- Mission statement: "Reduce inequality within and among countries"
- Commercial?: No
- Type of project: Non-Profit
- Location: Global
- Founder: United Nations
- Established: 2015
- Website: sdgs.un.org

= Sustainable Development Goal 10 =

UN Sustainable Development Goal

Sustainable Development Goal 10 (Goal 10 or SDG 10) is about reduced inequality and is one of the 17 Sustainable Development Goals established by the United Nations in 2015. The full title is: "Reduce inequality within and among countries".

The Goal has ten targets to be achieved by 2019. Progress towards targets will be measured by indicators. The first seven targets are outcome targets: Reduce income inequalities; promote universal social, economic and political inclusion; ensure equal opportunities and end discrimination; adopt fiscal and social policies that promotes equality; improved regulation of global financial markets and institutions; enhanced representation for developing countries in financial institutions; responsible and well-managed migration policies. The other three targets are means of implementation targets: Special and differential treatment for developing countries; encourage development assistance and investment in least developed countries; reduce transaction costs for migrant remittances.

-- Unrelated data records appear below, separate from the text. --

theorem lemma4:
  fixes K :: nat
    and D :: "('x \<times> nat) measure"
    and \<rho> :: "('x \<Rightarrow> nat) measure"
  assumes K: "K \<ge> 2"
    and D_prob: "prob_space D"
    and labels: "\<forall>z \<in> space D. snd z \<in> {1..K}"
    and snd_meas: "snd \<in> measurable D (count_space UNIV)"
    and \<rho>_prob: "prob_space \<rho>"
    and classifiers: "\<forall>h \<in> space \<rho>. \<forall>x. h x \<in> {1..K}"
    and eval_meas: "(\<lambda>(h, z). h (fst z)) \<in> measurable (\<rho> \<Otimes>\<^sub>M D) (count_space UNIV)"
  shows "(\<integral>p. tandem D (fst p) (snd p) \<partial>(\<rho> \<Otimes>\<^sub>M \<rho>))
         \<le> (2 * (real K - 1) / real K) *
            ((\<integral>h. err D h \<partial>\<rho>) - 1/2 * (\<integral>p. disagree D (fst p) (snd p) \<partial>(\<rho> \<Otimes>\<^sub>M \<rho>)))"
proof -
  have \<rho>\<rho>: "prob_space (\<rho> \<Otimes>\<^sub>M \<rho>)"
    by (rule prob_space_pair[OF \<rho>_prob \<rho>_prob])
  have eval: "(\<lambda>u. fst u (fst (snd u))) \<in> measurable (\<rho> \<Otimes>\<^sub>M D) (count_space UNIV)"
    "(\<lambda>u. fst (fst u) (fst (snd u))) \<in> measurable ((\<rho> \<Otimes>\<^sub>M \<rho>) \<Otimes>\<^sub>M D) (count_space UNIV)"
    "(\<lambda>u. snd (fst u) (fst (snd u))) \<in> measurable ((\<rho> \<Otimes>\<^sub>M \<rho>) \<Otimes>\<^sub>M D) (count_space UNIV)"
    by (rule measurable_eval_pair_compose[OF eval_meas], measurable)+
  have label: "(\<lambda>u. snd (snd u)) \<in> measurable (M \<Otimes>\<^sub>M D) (count_space UNIV)" for M :: "'m measure"
    by (rule measurable_compose[OF measurable_snd snd_meas])
  let ?tandem = "\<lambda>z. \<integral>w. of_bool (fst w (fst z) \<noteq> snd z) * of_bool (snd w (fst z) \<noteq> snd z) \<partial>(\<rho> \<Otimes>\<^sub>M \<rho>) :: real"
  let ?err = "\<lambda>z. \<integral>h. of_bool (h (fst z) \<noteq> snd z) \<partial>\<rho> :: real"
  let ?disagree = "\<lambda>z. \<integral>w. of_bool (fst w (fst z) \<noteq> snd w (fst z)) \<partial>(\<rho> \<Otimes>\<^sub>M \<rho>) :: real"
  have tandem_swap: "(\<integral>w. tandem D (fst w) (snd w) \<partial>(\<rho> \<Otimes>\<^sub>M \<rho>)) = (\<integral>z. ?tandem z \<partial>D)"
    "integrable D ?tandem"
    unfolding tandem_def
    by (rule bounded_Fubini_prob[OF \<rho>\<rho> D_prob, where B = 1];
        auto simp: case_prod_beta' abs_mult intro!: borel_measurable_times borel_measurable_of_bool_neq eval label)+
  have err_swap: "(\<integral>h. err D h \<partial>\<rho>) = (\<integral>z. ?err z \<partial>D)" "integrable D ?err"
    unfolding err_def
    by (rule bounded_Fubini_prob[OF \<rho>_prob D_prob, where B = 1];
        auto simp: case_prod_beta' intro!: borel_measurable_of_bool_neq eval label)+
  have disagree_swap: "(\<integral>w. disagree D (fst w) (snd w) \<partial>(\<rho> \<Otimes>\<^sub>M \<rho>)) = (\<integral>z. ?disagree z \<partial>D)"
    "integrable D ?disagree"
    unfolding disagree_def
    by (rule bounded_Fubini_prob[OF \<rho>\<rho> D_prob, where B = 1];
        auto simp: case_prod_beta' intro!: borel_measurable_of_bool_neq eval)+
  have pointwise: "?tandem z \<le> 2 * (real K - 1) / real K * (?err z - 1/2 * ?disagree z)"
    if "z \<in> space D" for z
  proof -
    have "(\<lambda>h. h (fst z)) \<in> measurable \<rho> (count_space UNIV)"
      using measurable_compose[OF measurable_Pair2'[OF that] eval(1)] by simp
    from integral_tandem_eval_le[OF \<rho>_prob this, of "{1..K}" "snd z"] show ?thesis
      using labels classifiers that by simp
  qed
  have "(\<integral>z. ?tandem z \<partial>D) \<le> (\<integral>z. 2 * (real K - 1) / real K * (?err z - 1/2 * ?disagree z) \<partial>D)"
    by (rule integral_mono) (use tandem_swap(2) err_swap(2) disagree_swap(2) pointwise in auto)
  also have "\<dots> = 2 * (real K - 1) / real K * ((\<integral>z. ?err z \<partial>D) - 1/2 * (\<integral>z. ?disagree z \<partial>D))"
    using err_swap(2) disagree_swap(2) by simp
  finally show ?thesis
    unfolding tandem_swap(1) err_swap(1) disagree_swap(1) .
qed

Target 10.1 is to "sustain income growth of the bottom 40 per cent of the population at a rate higher than the national average". This goal, known as "shared prosperity", is complementing SDG 1, the eradication of extreme poverty, and it is relevant for all countries in the world. There has been a growth in income for poorer people in 2012–2017. Nevertheless, it is common in many countries that "the bottom 40 per cent of the population receive less than 25 per cent of the overall income".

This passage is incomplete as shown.